Wer über die technische Ausrüstung wie 3D-Drucker oder Lasercutter verfügt und bei der Herstellung von Schutzausrüstung helfen möchte, der findet unter www.makervsvirus.org Informationen und Ansprechpartner. Die Seite vernetzt Helfer und Hilfesuchende, listet regionale Hubs (Koordinationsstellen) auf und koordiniert Arbeit.

Besonders hoch ist die Dichte an Hubs im Ruhrgebiet, Einrichtungen gibt es in Dortmund, Recklinghausen, Gelsenkirchen, Bochum, Essen und Duisburg. Dank heimischer Bastler und Makerspaces etwa an Hochschulen sind so Produktionsketten entstanden, die komplexe Masken wie das Prusa-Gesichtsschild (benannt nach dem tschechischen 3D-Druck-Pionier Josef Prusa) herstellen.

Bleibt die Frage nach dem Warum. Der 38-Jährige: „Mir macht das Konstruieren einfach Spaß. Bei mir haben sich über die Zeit mehrere Drucker angesammelt, durch Interesse und zur Reparatur. Jetzt kann ich sie sinnvoll einsetzen und damit helfen.“ Hilfe, die gefragt ist.

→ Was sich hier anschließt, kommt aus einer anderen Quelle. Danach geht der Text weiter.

lemma cnj_quad_gram:
  fixes y :: "nat \<Rightarrow> complex" and B :: "real mat"
  shows "(\<Sum>i<n. cnj (y i) * (\<Sum>l<m. of_real (B $$ (i,l)) * (\<Sum>k<n. of_real (B $$ (k,l)) * y k)))
       = of_real (\<Sum>l<m. (cmod (\<Sum>k<n. of_real (B $$ (k,l)) * y k))\<^sup>2)"
proof -
  define s where "s l = (\<Sum>k<n. of_real (B $$ (k,l)) * y k)" for l
  have "(\<Sum>i<n. cnj (y i) * (\<Sum>l<m. of_real (B $$ (i,l)) * s l))
      = (\<Sum>l<m. (\<Sum>i<n. cnj (y i) * of_real (B $$ (i,l))) * s l)"
    by (rule sum_mult_sum_swap)
  also have "\<dots> = (\<Sum>l<m. cnj (s l) * s l)"
    unfolding s_def by (simp add: cnj_sum mult.commute)
  also have "\<dots> = of_real (\<Sum>l<m. (cmod (s l))\<^sup>2)" unfolding of_real_sum
    by (rule sum.cong[OF refl]) (subst complex_norm_square, simp add: mult.commute)
  finally show ?thesis unfolding s_def .
qed

lemma pos_semidef_cnj_quad:
  fixes z :: "nat \<Rightarrow> complex"
  assumes Q: "pos_semidef n Q"
  shows "Im (\<Sum>i<n. cnj (z i) * (\<Sum>k<n. of_real (Q $$ (i,k)) * z k)) = 0"
    and "Re (\<Sum>i<n. cnj (z i) * (\<Sum>k<n. of_real (Q $$ (i,k)) * z k)) \<ge> 0"
proof -
  have Qc: "Q \<in> carrier_mat n n" and Qs: "sym_mat Q" using Q unfolding pos_semidef_def by auto
  have "Im (\<Sum>i<n. cnj (z i) * (\<Sum>k<n. of_real (Q $$ (i,k)) * z k))
      = (\<Sum>i<n. \<Sum>k<n. Q $$ (i,k) * (Re (z i) * Im (z k) - Im (z i) * Re (z k)))"
    by (simp add: Im_sum sum_distrib_left algebra_simps)
  also have "\<dots> = 0"
  proof (rule sum_antisym_zero)
    fix i k assume "i < n" "k < n"
    then have "Q $$ (i,k) = Q $$ (k,i)" by (rule sym_mat_entry[OF Qc Qs])
    then show "Q $$ (i,k) * (Re (z i) * Im (z k) - Im (z i) * Re (z k))
       = - (Q $$ (k,i) * (Re (z k) * Im (z i) - Im (z k) * Re (z i)))"
      by (simp add: algebra_simps)
  qed
  finally show "Im (\<Sum>i<n. cnj (z i) * (\<Sum>k<n. of_real (Q $$ (i,k)) * z k)) = 0" .
  show "Re (\<Sum>i<n. cnj (z i) * (\<Sum>k<n. of_real (Q $$ (i,k)) * z k)) \<ge> 0"
    unfolding Re_cnj_quad_form using pos_semidef_quad_form_nonneg[OF Q] by (simp add: add_nonneg_nonneg)
qed
(* Let $\mathcal{A}$ be a separating union-closed family with base set $[n]$ and height $h$, and suppose $h = 4 \leq n$ and $0 \leq |\mathcal{B}(\mathcal{A})| \leq 2$. Then \[\mathrm{Avg}(\mathcal{A})=\frac{\sum_{A \in \mathcal{A}}|A|}{|\mathcal{A}|} \geq \frac{n}{2}.\]
   Context: A family of sets $\mathcal{A}$ is union-closed if it is a finite family of distinct finite sets with at least one nonempty member set, and $X,Y\in\mathcal{A}$ implies $X\cup Y\in\mathcal{A}$ (the empty set may be a member). For a family $\mathcal{F}$, $b(\mathcal{F})=\bigcup_{F\in\mathcal{F}}F$; the base set $b(\mathcal{A})$ is denoted $[n]=\{1,\dots,n\}$. $\mathcal{A}$ is separating if for any two distinct $x,y\in[n]$ there is $A\in\mathcal{A}$ containing exactly one of $x,y$. A chain in $\mathcal{A}$ is a subfamily any two distinct members of which are comparable under proper inclusion; the height $h$ of $\mathcal{A}$ is the maximum size of a chain in $\mathcal{A}$. For real $x\ge 0$, $\mathcal{A}_{<x}=\{A\in\mathcal{A} : |A|<x\}$. For $\mathcal{S}\subseteq\mathcal{A}$ and $S\in\mathcal{S}$, $\mathrm{irr}_{\mathcal{S}}(S)=\{s\in S : s\notin b(\mathcal{S}\setminus\{S\})\}$, and $\mathcal{S}$ is irredundant if $\mathrm{irr}_{\mathcal{S}}(S)\neq\emptyset$ for every $S\in\mathcal{S}$. Set $B=b(\mathcal{A}_{<n/2})$, and let $\mathcal{B}=\mathcal{B}(\mathcal{A})$ denote any irredundant subfamily of $\mathcal{A}_{<n/2}$ of minimum size such that $b(\mathcal{B})=B$ (so $|\mathcal{B}|$ is well defined). $\mathrm{Avg}(\mathcal{A})$ denotes the average size of a member set of $\mathcal{A}$. *)

theory Defs
  imports Complex_Main
begin

definition union_closed :: "'a set set \<Rightarrow> bool" where
  "union_closed \<A> \<longleftrightarrow> finite \<A> \<and> (\<forall>A\<in>\<A>. finite A) \<and> (\<exists>A\<in>\<A>. A \<noteq> {})
     \<and> (\<forall>X\<in>\<A>. \<forall>Y\<in>\<A>. X \<union> Y \<in> \<A>)"

definition separating :: "'a set set \<Rightarrow> bool" where
  "separating \<A> \<longleftrightarrow> (\<forall>x\<in>\<Union>\<A>. \<forall>y\<in>\<Union>\<A>. x \<noteq> y \<longrightarrow>
     (\<exists>A\<in>\<A>. (x \<in> A \<and> y \<notin> A) \<or> (y \<in> A \<and> x \<notin> A)))"

definition is_chain :: "'a set set \<Rightarrow> bool" where
  "is_chain \<C> \<longleftrightarrow> (\<forall>X\<in>\<C>. \<forall>Y\<in>\<C>. X \<noteq> Y \<longrightarrow> X \<subset> Y \<or> Y \<subset> X)"

definition height :: "'a set set \<Rightarrow> nat" where
  "height \<A> = Max {card \<C> | \<C>. \<C> \<subseteq> \<A> \<and> is_chain \<C>}"

definition below :: "'a set set \<Rightarrow> real \<Rightarrow> 'a set set" where
  "below \<A> x = {A \<in> \<A>. real (card A) < x}"

definition irr :: "'a set set \<Rightarrow> 'a set \<Rightarrow> 'a set" where
  "irr \<S> S = {s \<in> S. s \<notin> \<Union>(\<S> - {S})}"

definition irredundant :: "'a set set \<Rightarrow> bool" where
  "irredundant \<S> \<longleftrightarrow> (\<forall>S\<in>\<S>. irr \<S> S \<noteq> {})"

definition B_size :: "'a set set \<Rightarrow> nat" where
  "B_size \<A> = (let n = card (\<Union>\<A>); L = below \<A> (real n / 2) in
     Min {card \<S> | \<S>. \<S> \<subseteq> L \<and> irredundant \<S> \<and> \<Union>\<S> = \<Union>L})"

definition Avg :: "'a set set \<Rightarrow> real" where
  "Avg \<A> = (\<Sum>A\<in>\<A>. real (card A)) / real (card \<A>)"

end

theory Submission
  imports Defs
begin

(* Write excess X = 2|X| - n; the claim is that the excesses of the members have nonnegative sum.
  Only members of size below n/2 have negative excess, and they all lie in their union B, which
  is itself a member. Height 4 excludes strict chains of five members, so two members strictly
  below a member Z that has two members above it, or that has one member above it while the two
  share a strict lower bound, must have union Z; then their deficits in Z are disjoint.
  If B misses two points of [n], some member lies strictly between B and [n]. The deficits of the
  small members are then paid for by [n], by B and by the coatoms [n] - {x} with x outside B, all
  but at most one of which are members.
  If B misses a single point, the cover of B by at most two small members splits it into disjoint
  halves S1, S2 of size m, with n = 2m + 1. The other small members are the empty set, members
  inside one half, or members crossing both halves, and each of them is compensated by its lifts
  S2 \<union> X and S1 \<union> X, which lie strictly between a half and B. *)

lemma union_closed_Union_mem:
  assumes "union_closed F" "G \<subseteq> F" "G \<noteq> {}"
  shows "\<Union>G \<in> F"
proof -
  have "finite G" using assms(1,2) finite_subset unfolding union_closed_def by blast
  then show ?thesis using assms(3,2)
  proof (induction G rule: finite_ne_induct)
    case (singleton X) then show ?case by simp
  next
    case (insert X G) then show ?case using assms(1) unfolding union_closed_def by simp
  qed
qed

lemma sum_card_Diff_le_of_pairwise_Un:
  assumes "finite Z" "finite X" "\<And>A. A \<in> X \<Longrightarrow> W \<subseteq> A"
    and "\<And>A C. A \<in> X \<Longrightarrow> C \<in> X \<Longrightarrow> A \<noteq> C \<Longrightarrow> A \<union> C = Z"
  shows "(\<Sum>A\<in>X. card (Z - A)) \<le> card (Z - W)"
proof -
  have "(\<Sum>A\<in>X. card (Z - A)) = card (\<Union>A\<in>X. Z - A)"
    by (rule card_UN_disjoint[symmetric]) (use assms in auto)
  also have "\<dots> \<le> card (Z - W)"
    by (rule card_mono) (use assms in auto)
  finally show ?thesis .
qed

lemma card_le_sum_card_Diff:
  assumes "finite Z" "\<And>A. A \<in> X \<Longrightarrow> A \<subset> Z"
  shows "card X \<le> (\<Sum>A\<in>X. card (Z - A))"
proof -
  have "card X = (\<Sum>A\<in>X. 1)" by simp
  also have "\<dots> \<le> (\<Sum>A\<in>X. card (Z - A))"
  proof (rule sum_mono)
    fix A assume "A \<in> X"
    then have "Z - A \<noteq> {}" using assms(2) by blast
    then show "1 \<le> card (Z - A)" using assms(1) by (simp add: Suc_le_eq card_gt_0_iff)
  qed
  finally show ?thesis .
qed

lemma sum_fst_le_card_snd_mult_sum:
  fixes f :: "'b \<Rightarrow> nat"
  assumes "finite G" "inj_on (\<lambda>x. (\<alpha> x, \<beta> x)) G"
  shows "(\<Sum>x\<in>G. f (\<alpha> x)) \<le> card (\<beta> ` G) * (\<Sum>u\<in>\<alpha> ` G. f u)"
proof -
  let ?\<pi> = "\<lambda>x. (\<alpha> x, \<beta> x)"
  have "(\<Sum>x\<in>G. f (\<alpha> x)) = (\<Sum>p\<in>?\<pi> ` G. f (fst p))"
    using sum.reindex[OF assms(2), of "\<lambda>p. f (fst p)"] by simp
  also have "\<dots> \<le> (\<Sum>p\<in>\<alpha> ` G \<times> \<beta> ` G. f (fst p))"
    by (rule sum_mono2) (use assms(1) in auto)
  also have "\<dots> = (\<Sum>u\<in>\<alpha> ` G. \<Sum>v\<in>\<beta> ` G. f u)"
    by (subst sum.cartesian_product) (simp add: case_prod_beta')
  also have "\<dots> = card (\<beta> ` G) * (\<Sum>u\<in>\<alpha> ` G. f u)"
    by (simp add: sum_distrib_left)
  finally show ?thesis .
qed

lemma sum_snd_le_card_fst_mult_sum:
  fixes f :: "'b \<Rightarrow> nat"
  assumes "finite G" "inj_on (\<lambda>x. (\<alpha> x, \<beta> x)) G"
  shows "(\<Sum>x\<in>G. f (\<beta> x)) \<le> card (\<alpha> ` G) * (\<Sum>v\<in>\<beta> ` G. f v)"
proof -
  have "inj_on (\<lambda>x. (\<beta> x, \<alpha> x)) G" using assms(2) by (auto simp: inj_on_def)
  then show ?thesis by (rule sum_fst_le_card_snd_mult_sum[OF assms(1)])
qed

lemma exists_irredundant_cover:
  assumes "finite L"
  shows "\<exists>S\<subseteq>L. irredundant S \<and> \<Union>S = \<Union>L"
proof -
  define covers where "covers S \<longleftrightarrow> S \<subseteq> L \<and> \<Union>S = \<Union>L" for S
  obtain S where S: "covers S" and least: "\<And>T. covers T \<Longrightarrow> card S \<le> card T"
    using ex_has_least_nat[of covers L card] unfolding covers_def by blast
  have "finite S" using S assms finite_subset unfolding covers_def by blast
  have "irr S T \<noteq> {}" if "T \<in> S" for T
  proof
    assume "irr S T = {}"
    then have "covers (S - {T})" using S \<open>T \<in> S\<close> unfolding covers_def irr_def by blast
    then show False
      using least card_Diff1_less[OF \<open>finite S\<close> \<open>T \<in> S\<close>] by fastforce
  qed
  then show ?thesis using S unfolding covers_def irredundant_def by blast
qed

lemma B_size_cover:
  assumes "finite \<A>" "B_size \<A> \<le> k"
  defines "L \<equiv> below \<A> (real (card (\<Union>\<A>)) / 2)"
  obtains S where "S \<subseteq> L" "\<Union>S = \<Union>L" "card S \<le> k"
proof -
  define sizes where "sizes = {card S | S. S \<subseteq> L \<and> irredundant S \<and> \<Union>S = \<Union>L}"
  have "finite L" using assms(1) unfolding L_def below_def by simp
  then have "finite sizes" unfolding sizes_def by simp
  moreover have "sizes \<noteq> {}"
    using exists_irredundant_cover[OF \<open>finite L\<close>] unfolding sizes_def by blast
  ultimately have "Min sizes \<in> sizes" by (rule Min_in)
  moreover have "B_size \<A> = Min sizes" unfolding B_size_def sizes_def L_def Let_def ..
  ultimately have "B_size \<A> \<in> sizes" by simp
  then show ?thesis using that assms(2) unfolding sizes_def by fastforce
qed

lemma Avg_ge_half_if_excess_sum_nonneg:
  assumes "finite \<A>" "\<A> \<noteq> {}" "0 \<le> (\<Sum>X\<in>\<A>. 2 * int (card X) - int n)"
  shows "real n / 2 \<le> Avg \<A>"
proof -
  have "0 \<le> (\<Sum>X\<in>\<A>. 2 * real (card X) - real n)"
  proof -
    have "real_of_int (\<Sum>X\<in>\<A>. 2 * int (card X) - int n) = (\<Sum>X\<in>\<A>. 2 * real (card X) - real n)"
      by (simp add: of_int_sum)
    then show ?thesis using assms(3) by (metis of_int_0_le_iff)
  qed
  then have "real (card \<A>) * real n \<le> 2 * (\<Sum>X\<in>\<A>. real (card X))"
    by (simp add: sum_subtractf sum_distrib_left)
  moreover have "0 < real (card \<A>)" using assms(1,2) by (simp add: card_gt_0_iff)
  ultimately show ?thesis unfolding Avg_def by (simp add: field_simps)
qed

(* b = |B|, s counts the small members below B, and n - b - 1 bounds the coatoms from below. *)
lemma gap_excess_arith:
  fixes b n s :: int
  assumes "4 \<le> n" "2 * b < n" "0 \<le> s" "s \<le> b"
  shows "0 \<le> s * (2 * b - n) + (n - b - 1) * (n - 2)"
proof -
  have "b * (2 * b - n) \<le> s * (2 * b - n)" using assms by (intro mult_right_mono_neg) auto
  moreover have "b * (2 * b - n) + (n - b - 1) * (n - 2) = 2 * (b - 1)^2 + (n - 2 * b) * (n - 3)"
    by (simp add: algebra_simps power2_eq_square)
  moreover have "0 \<le> (n - 2 * b) * (n - 3)" "0 \<le> (b - 1)^2" using assms by simp_all
  ultimately show ?thesis by linarith
qed

(* g counts the crossing members and p, q their two kinds of lifts; s, e, f are the total
  deficits in B of the crossing members and of the two kinds of lifts. *)
lemma crossing_excess_arith:
  fixes m g p q s e f :: int
  assumes "2 \<le> m" "1 \<le> p" "1 \<le> q" "p \<le> g" "q \<le> g" "e \<le> m" "f \<le> m"
    and "s \<le> q * e + p * f" "s \<le> g * (2 * m - 2)"
  shows "0 \<le> 4 * m - 2 + (g + p + q) * (2 * m - 1) - 2 * s - 2 * e - 2 * f"
proof -
  have "(g + p + q) * (2 * m - 1) = 2 * (g * m) + 2 * (p * m) + 2 * (q * m) - g - p - q"
    "g * (2 * m - 2) = 2 * (g * m) - 2 * g"
    by (simp_all add: algebra_simps)
  moreover have "q * e \<le> q * m" "p * f \<le> p * m" "p * 2 \<le> p * m" "q * 2 \<le> q * m"
    using assms by (simp_all add: mult_left_mono)
  ultimately show ?thesis
    using assms by (cases "p + q + 2 \<le> 2 * (g * m) - g") linarith+
qed

locale height_four_family =
  fixes F :: "nat set set" and n :: nat
  assumes union_closed: "union_closed F" and separating: "separating F"
    and Union_F: "\<Union>F = {1..n}" and height_F: "height F = 4" and four_le_n: "4 \<le> n"
begin

definition excess :: "nat set \<Rightarrow> int" where
  "excess X = 2 * int (card X) - int n"

lemma finite_F: "finite F"
  using union_closed unfolding union_closed_def by blast

lemma member_subset: "X \<in> F \<Longrightarrow> X \<subseteq> {1..n}"
  using Union_F by blast

lemma finite_member: "X \<in> F \<Longrightarrow> finite X"
  using member_subset finite_subset by blast

lemma Un_mem: "X \<in> F \<Longrightarrow> Y \<in> F \<Longrightarrow> X \<union> Y \<in> F"
  using union_closed unfolding union_closed_def by blast

lemma top_mem: "{1..n} \<in> F"
proof -
  have "F \<noteq> {}" using union_closed unfolding union_closed_def by blast
  then show ?thesis using union_closed_Union_mem[OF union_closed, of F] Union_F by simp
qed
lemma separation_exponent_bound:
  fixes \<epsilon> \<rho> B h :: real
  assumes \<epsilon>: "0 < \<epsilon>" "\<epsilon> < 1" and "1 \<le> B" "(2 * B) ^ k + 2 < \<rho>" "n \<le> D" "k < D"
    and h: "min (1 / 2) (\<epsilon> ^ n / (2 * (B * \<rho>)) ^ k) \<le> h"
  shows "(\<epsilon> / \<rho>) ^ D < h"
proof -
  have "(2 * B) ^ k \<ge> 0" using \<open>1 \<le> B\<close> by simp
  then have "\<rho> > 2" using assms(4) by linarith
  have "(\<epsilon> / \<rho>) ^ D \<le> \<epsilon> / \<rho>"
    using \<epsilon> \<open>\<rho> > 2\<close> \<open>k < D\<close> power_decreasing[of 1 D "\<epsilon> / \<rho>"] by simp
  also have "\<dots> < 1 / 2" using \<epsilon> \<open>\<rho> > 2\<close> by (simp add: field_simps)
  finally have "(\<epsilon> / \<rho>) ^ D < 1 / 2" .
  have "(2 * (B * \<rho>)) ^ k = (2 * B) ^ k * \<rho> ^ k" by (simp add: power_mult_distrib mult_ac)
  also have "\<dots> < \<rho> * \<rho> ^ k" using assms(4) \<open>\<rho> > 2\<close> by (intro mult_strict_right_mono) auto
  also have "\<dots> \<le> \<rho> ^ D" using \<open>k < D\<close> \<open>\<rho> > 2\<close> power_increasing[of "Suc k" D \<rho>] by simp
  finally have "(2 * (B * \<rho>)) ^ k < \<rho> ^ D" .
  have "(\<epsilon> / \<rho>) ^ D = \<epsilon> ^ D / \<rho> ^ D" by (simp add: power_divide)
  also have "\<dots> \<le> \<epsilon> ^ n / \<rho> ^ D"
    using \<epsilon> \<open>\<rho> > 2\<close> \<open>n \<le> D\<close> by (intro divide_right_mono power_decreasing) auto
  also have "\<dots> < \<epsilon> ^ n / (2 * (B * \<rho>)) ^ k"
    using \<open>(2 * (B * \<rho>)) ^ k < \<rho> ^ D\<close> \<epsilon> \<open>1 \<le> B\<close> \<open>\<rho> > 2\<close> by (intro divide_strict_left_mono) auto
  finally show ?thesis using \<open>(\<epsilon> / \<rho>) ^ D < 1 / 2\<close> h by linarith
qed

lemma log_preimages_separated:
  fixes p :: "complex poly" and \<alpha> w1 w2 :: complex
  assumes \<kappa>: "\<kappa> > 0" "\<forall>x j. j \<le> n \<longrightarrow> \<kappa> * norm (x j) ^ Suc n \<le> crit_gauge n x"
    and B: "B = max 1 (3 * real (Suc n) / \<kappa>)"
    and p: "lead_coeff p = 1" "degree p = Suc n"
    and \<rho>: "1 \<le> \<rho>" "SV (\<lambda>z. poly p (exp z)) \<subseteq> ball 0 \<rho>"
    and \<alpha>: "\<alpha> \<in> ball 0 (2 * \<rho>)" "infdist \<alpha> (SV (\<lambda>z. poly p (exp z))) > \<epsilon>" "0 \<le> \<epsilon>"
    and w: "poly p (exp w1) = \<alpha>" "poly p (exp w2) = \<alpha>" "w1 \<noteq> w2"
  shows "min (1 / 2) (\<epsilon> ^ n / (2 * (B * \<rho>)) ^ Suc (Suc n * Suc n)) \<le> norm (w1 - w2)"
proof -
  have "1 \<le> B" by (simp add: B)
  with \<rho>(1) have BM: "1 \<le> 2 * (B * \<rho>)" using mult_mono[of 1 B 1 \<rho>] by simp
  have SV_bound: "norm s < \<rho> \<and> \<epsilon> < norm (s - \<alpha>)" if "s \<in> SV (\<lambda>z. poly p (exp z))" for s
    using \<rho>(2) that \<alpha>(2) infdist_le[OF that, of \<alpha>] by (auto simp: dist_norm norm_minus_commute)
  note crit = SV_bound[OF critical_value_in_SV_poly_exp]
  have bounded: "norm z \<le> B * \<rho>" if "poly (pderiv p) z = 0 \<or> poly p z = \<alpha>" for z
    unfolding B
  proof (rule critical_points_and_preimages_bounded[OF \<kappa> p \<rho>(1) _ _ _ that])
    show "norm (poly p 0) < \<rho>" using SV_bound[OF poly_0_in_SV_poly_exp] by blast
  qed (use crit \<alpha>(1) in auto)
  have "\<epsilon> ^ n \<le> norm (exp w1 - exp w2) * (2 * (B * \<rho>)) ^ (Suc n * Suc n)" if "exp w1 \<noteq> exp w2"
    by (rule root_separation[OF p _ _ w(1,2) that]) (use crit bounded \<alpha>(3) BM in auto)
  then show ?thesis using log_separation[OF w(3) bounded BM] w(2) by blast
qed

theorem lemmaA4:
  fixes d :: nat
  assumes "d > 1"
  shows "\<forall>\<epsilon>::real. 0 < \<epsilon> \<and> \<epsilon> < 1 \<longrightarrow>
    (\<exists>\<rho>0::real. \<forall>\<rho>>\<rho>0. \<forall>(p::complex poly) (\<alpha>::complex) w1 w2.
       lead_coeff p = 1 \<longrightarrow> degree p = d \<longrightarrow>
       SV (\<lambda>z. poly p (exp z)) \<subseteq> ball 0 \<rho> \<longrightarrow>
       \<alpha> \<in> ball 0 (2 * \<rho>) \<longrightarrow>
       infdist \<alpha> (SV (\<lambda>z. poly p (exp z))) > \<epsilon> \<longrightarrow>
       poly p (exp w1) = \<alpha> \<longrightarrow> poly p (exp w2) = \<alpha> \<longrightarrow> w1 \<noteq> w2 \<longrightarrow>
       cmod (w1 - w2) > (\<epsilon> / \<rho>) ^ (d ^ 4))"
proof -
  obtain n where d: "d = Suc n" using assms by (cases d) auto
  obtain \<kappa> where \<kappa>: "\<kappa> > 0" "\<forall>x j. j \<le> n \<longrightarrow> \<kappa> * norm (x j) ^ Suc n \<le> crit_gauge n x"
    using crit_gauge_lower_bound by blast
  define B where "B = max 1 (3 * real (Suc n) / \<kappa>)"
  define D where "D = Suc n * Suc n"
  have "4 \<le> D" unfolding D_def using assms d mult_le_mono[of 2 "Suc n" 2 "Suc n"] by simp
  moreover have "d ^ 4 = D * D" by (simp only: d D_def power4_eq_xxxx mult.assoc)
  ultimately have exponents: "n \<le> d ^ 4" "Suc D < d ^ 4"
    using mult_le_mono1[of 4 D D] by (auto simp: D_def)
  have "1 \<le> B" by (simp add: B_def)
  have "(\<epsilon> / \<rho>) ^ (d ^ 4) < norm (w1 - w2)"
    if "0 < \<epsilon>" "\<epsilon> < 1" "(2 * B) ^ Suc D + 2 < \<rho>" "lead_coeff p = 1" "degree p = d"
      "SV (\<lambda>z. poly p (exp z)) \<subseteq> ball 0 \<rho>" "\<alpha> \<in> ball 0 (2 * \<rho>)"
      "infdist \<alpha> (SV (\<lambda>z. poly p (exp z))) > \<epsilon>"
      "poly p (exp w1) = \<alpha>" "poly p (exp w2) = \<alpha>" "w1 \<noteq> w2"
    for \<epsilon> \<rho> p \<alpha> w1 w2
  proof -
    have "(2 * B) ^ Suc D \<ge> 0" using \<open>1 \<le> B\<close> by simp
    then have "1 \<le> \<rho>" using that(3) by linarith
    have "min (1 / 2) (\<epsilon> ^ n / (2 * (B * \<rho>)) ^ Suc D) \<le> norm (w1 - w2)"
      unfolding D_def using that \<open>1 \<le> \<rho>\<close> by (intro log_preimages_separated[OF \<kappa> B_def]) (auto simp: d)
    then show ?thesis by (rule separation_exponent_bound[OF that(1,2) \<open>1 \<le> B\<close> that(3) exponents])
  qed
  then show ?thesis by (intro allI impI exI[of _ "(2 * B) ^ Suc D + 2"]) auto
qed

end
text \<open>
  Let a = G \<eta> GF be the size of one step. By (A1), q is an isometry from the Euclidean
  metric on X to the Hessian metric of R on Y, and the mirror gradient J(x)^-T g pairs with
  increments of y as g pairs with their images under the derivative of q^-1. Hence the
  first-order optimality condition of the mirror step, tested at q(x_{t+1}), is the
  variational inequality of the Euclidean projection defining x_{t+1}, up to linearization
  errors of q^-1 and of the gradient of R, which are quadratic in a. Strong convexity of R
  turns this into n^2 <= a n^2 + (1 + G + G^2) a^2 n for n = |y_{t+1} - q(x_{t+1})|, and
  the crude bound n <= 2 a then gives n <= 5 G^3 a^2.
\<close>

section \<open>Derivatives within convex sets\<close>

lemma has_derivative_within_convex_tendsto:
  fixes f :: "'a::real_normed_vector \<Rightarrow> real"
  assumes f: "(f has_derivative f') (at a within S)"
    and S: "convex S" "a \<in> S" "b \<in> S"
  shows "((\<lambda>u. (f (a + u *\<^sub>R (b - a)) - f a) / u) \<longlongrightarrow> f' (b - a)) (at_right 0)"
proof -
  define \<gamma> where "\<gamma> = (\<lambda>u::real. a + u *\<^sub>R (b - a))"
  have "\<gamma> ` {0..1} \<subseteq> S"
  proof
    fix z assume "z \<in> \<gamma> ` {0..1}"
    then obtain u where "u \<in> {0..1}" "z = (1 - u) *\<^sub>R a + u *\<^sub>R b"
      by (auto simp: \<gamma>_def algebra_simps)
    then show "z \<in> S" using S by (auto intro: convexD_alt)
  qed
  then have "(f has_derivative f') (at (\<gamma> 0) within \<gamma> ` {0..1})"
    using has_derivative_subset[OF f] by (simp add: \<gamma>_def)
  moreover have "(\<gamma> has_derivative (\<lambda>u. u *\<^sub>R (b - a))) (at 0 within {0..1})"
    unfolding \<gamma>_def by (auto intro!: derivative_eq_intros)
  ultimately have "((\<lambda>u. f (\<gamma> u)) has_derivative (\<lambda>u. f' (u *\<^sub>R (b - a)))) (at 0 within {0..1})"
    using has_derivative_in_compose by blast
  moreover have "(\<lambda>u. f' (u *\<^sub>R (b - a))) = (*) (f' (b - a))"
    using has_derivative_linear[OF f] by (auto simp: linear_scale)
  ultimately have "((\<lambda>u. f (\<gamma> u)) has_field_derivative f' (b - a)) (at 0 within {0..1})"
    by (simp add: has_field_derivative_def)
  then show ?thesis
    by (simp add: has_field_derivative_iff at_within_Icc_at_right \<gamma>_def)
qed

Das Schellen der Klingel unterbricht das Telefonat, ein Apothekenmitarbeiter holt weitere Schilde ab. „Jetzt hat auch ein Blumenladen aus Bottrop meine Nummer. Verrückt“, sagt Darius Ozimek bei seiner Rückkehr. Die Drucker dürften wohl so schnell nicht stillstehen.